Rapid Alert System
Where substandard or falsified medicines are encountered in the market, effective and rapid communication will facilitate prevention of use of the medicines and hence prevent harm to consumers.
TMDA works in collaboration with the World Health Organization (WHO) by receiving alerts on falsified medicines encountered in other countries by rapid alert e-mails through the TMDA/WHO Substandard and Falsified Medicines (SF) Focal Person.
On the other hand, information on falsified medicines encountered on the market by TMDA is sent to WHO by the SF Focal Person through the Global Surveillance Monitoring System (GSMS) and in turn this information is shared to other countries.
Within the TMDA, reports for problems in quality of products can be received from inspectors, through complaints or information from manufacturers. Once information of availability of poor quality medicines is received, the first step is confirmation in TMDA Integrated Management Information System (IMIS) if the respective medicines have been registered by TMDA.
If the medicines are not registered, TMDA informs all the zonal offices to conduct inspection and remove the unregistered medicines from the market.
For a medicines that are of poor quality but found to be registered by the Authority, TMDA communicates with the manufacturers through the local agents to confirm if the medicines were manufactured by the facilities as indicated in the product labels. If the manufacturers agree to have manufactured the medicines, this call for a recall of the medicines and other actions appropriate for recalls. To read more on recalls Click here.

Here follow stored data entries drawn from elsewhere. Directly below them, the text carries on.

lemma aCoef_eq_coeff:
  assumes rep: "\<And>x. appellA \<alpha> n x = (2 * x - 1) * poly q (x * (x - 1))"
  shows "aCoef \<alpha> n k = (-1) ^ k * fact k * coeff q k"
proof -
  define N where "N = degree q"
  \<comment> \<open>index \<open>(j, e)\<close>: the two terms \<open>2 (x - 1)^j x^(2k-2j-1)\<close> and \<open>-(x - 1)^j x^(2k-2j)\<close>\<close>
  define I where "I = {..N} \<times> {0, 1 :: nat}"
  define c :: "nat \<times> nat \<Rightarrow> complex" where "c = (\<lambda>(j, e). coeff q j * (-1) ^ j * (if e = 0 then 2 else -1))"
  define m :: "nat \<times> nat \<Rightarrow> int" where "m = (\<lambda>(j, e). 2 * int k - 2 * int j - 1 + int e)"
  have expand: "Astar \<alpha> n (2 * int k) x = (\<Sum>i\<in>I. c i * ((x - 1) ^ fst i * x powi m i))" if "x \<noteq> 0" for x
  proof -
    have "Astar \<alpha> n (2 * int k) x
        = (\<Sum>j\<le>N. coeff q j * (x powi (2 * int k) * ((2 * inverse x - 1) * (inverse x * (inverse x - 1)) ^ j)))"
      unfolding Astar_def rep poly_altdef N_def by (simp add: sum_distrib_left mult_ac)
    also have "\<dots> = (\<Sum>i\<in>I. c i * ((x - 1) ^ fst i * x powi m i))"
      unfolding powi_reflection_term[OF that] I_def sum.cartesian_product'
      by (simp add: c_def m_def algebra_simps)
    finally show ?thesis .
  qed
  have "\<forall>\<^sub>F x in nhds 1. Astar \<alpha> n (2 * int k) x = (\<Sum>i\<in>I. c i * ((x - 1) ^ fst i * x powi m i))"
    by (rule eventually_mono[OF t1_space_nhds[of 1 0]]) (simp_all add: expand)
  then have "aCoef \<alpha> n k = (\<Sum>i\<in>I. c i * (of_nat (k choose fst i) * fact (fst i)
      * pochhammer (of_int (m i) - of_nat (k - fst i) + 1) (k - fst i)))"
    unfolding aCoef_def
    by (rule higher_deriv_at_1_power_powi_sum) (simp add: I_def)
  also have "\<dots> = (\<Sum>j\<le>N. coeff q j * (-1) ^ j * (of_nat (k choose j) * fact j
      * (2 * pochhammer (of_nat (k - j)) (k - j) - pochhammer (of_nat (k - j) + 1) (k - j))))"
  proof -
    have "pochhammer (of_int (m (j, e)) - of_nat (k - j) + 1) (k - j)
        = pochhammer (of_nat (k - j) + of_nat e :: complex) (k - j)" for j e
      by (cases "j \<le> k") (simp_all add: m_def algebra_simps)
    then show ?thesis
      unfolding I_def sum.cartesian_product' by (simp add: c_def algebra_simps)
  qed
  also have "\<dots> = (\<Sum>j\<le>N. if j = k then (-1) ^ k * fact k * coeff q k else 0)"
    by (intro sum.cong refl) (simp add: reflection_weight_eq_delta)
  also have "\<dots> = (-1) ^ k * fact k * coeff q k"
    by (cases "k \<le> N") (auto simp: N_def coeff_eq_0)
  finally show ?thesis .
qed

theorem mainTheorem16:
  fixes \<alpha> :: "nat \<Rightarrow> complex"
  assumes R: "propR \<alpha>"
  shows "(\<forall>n k. k \<le> n \<longrightarrow>
            aCoef \<alpha> n k = (-1) ^ n * fact k *
              (\<Sum>\<nu>=0..k. of_nat ((2 * k - \<nu>) choose k) * of_nat (n choose \<nu>) * \<alpha> (n - \<nu>)))
       \<and> (\<forall>n k. 2 \<le> n \<and> k \<le> n - 2 \<longrightarrow>
            aCoef \<alpha> n (k + 2) = (4 * of_nat k + 6) * aCoef \<alpha> n (k + 1)
              + of_nat (n * (n - 1)) * aCoef \<alpha> (n - 2) k)
       \<and> (\<forall>n. odd n \<longrightarrow>
            (\<forall>x. appellA \<alpha> n x = (2 * x - 1) * poly (Fpoly \<alpha> n) (x * (x - 1)))
            \<and> (\<forall>k \<le> n div 2. fhat \<alpha> n k = (-1) ^ k * aCoef \<alpha> n k))"
proof -
  have "(\<forall>x. appellA \<alpha> n x = (2 * x - 1) * poly (Fpoly \<alpha> n) (x * (x - 1)))
      \<and> (\<forall>k. fhat \<alpha> n k = (-1) ^ k * aCoef \<alpha> n k)" if "odd n" for n
  proof -
    obtain q where q: "degree q \<le> n div 2" "\<And>x. appellA \<alpha> n x = (2 * x - 1) * poly q (x * (x - 1))"
      using odd_appell_factorization[OF R \<open>odd n\<close>] by blast
    then have F: "Fpoly \<alpha> n = q"
      using Fpoly_eqI[OF \<open>odd n\<close>] by blast
    have "fhat \<alpha> n k = (-1) ^ k * aCoef \<alpha> n k" for k
      by (simp add: fhat_def F aCoef_eq_coeff[OF q(2)] flip: power_add mult.assoc)
    with q(2) show ?thesis
      by (simp add: F)
  qed
  then show ?thesis
    using aCoef_closed_form[OF R] aCoef_rec[OF R] by blast
qed

end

However, if the manufacturers confirm that the medicines were not manufactured by the facilities despite the resemblance, the medicines are confirmed to be falsified. Sample of such medicines are sent to the TMDA laboratory for identification test and assay (if not sent before) in order to get information on the actual health risk of the medicines and guidance on proper decision making.
Generally, falsified medicines call for issuance of press release to the public so that they are able to identify them and stop further use and distribution.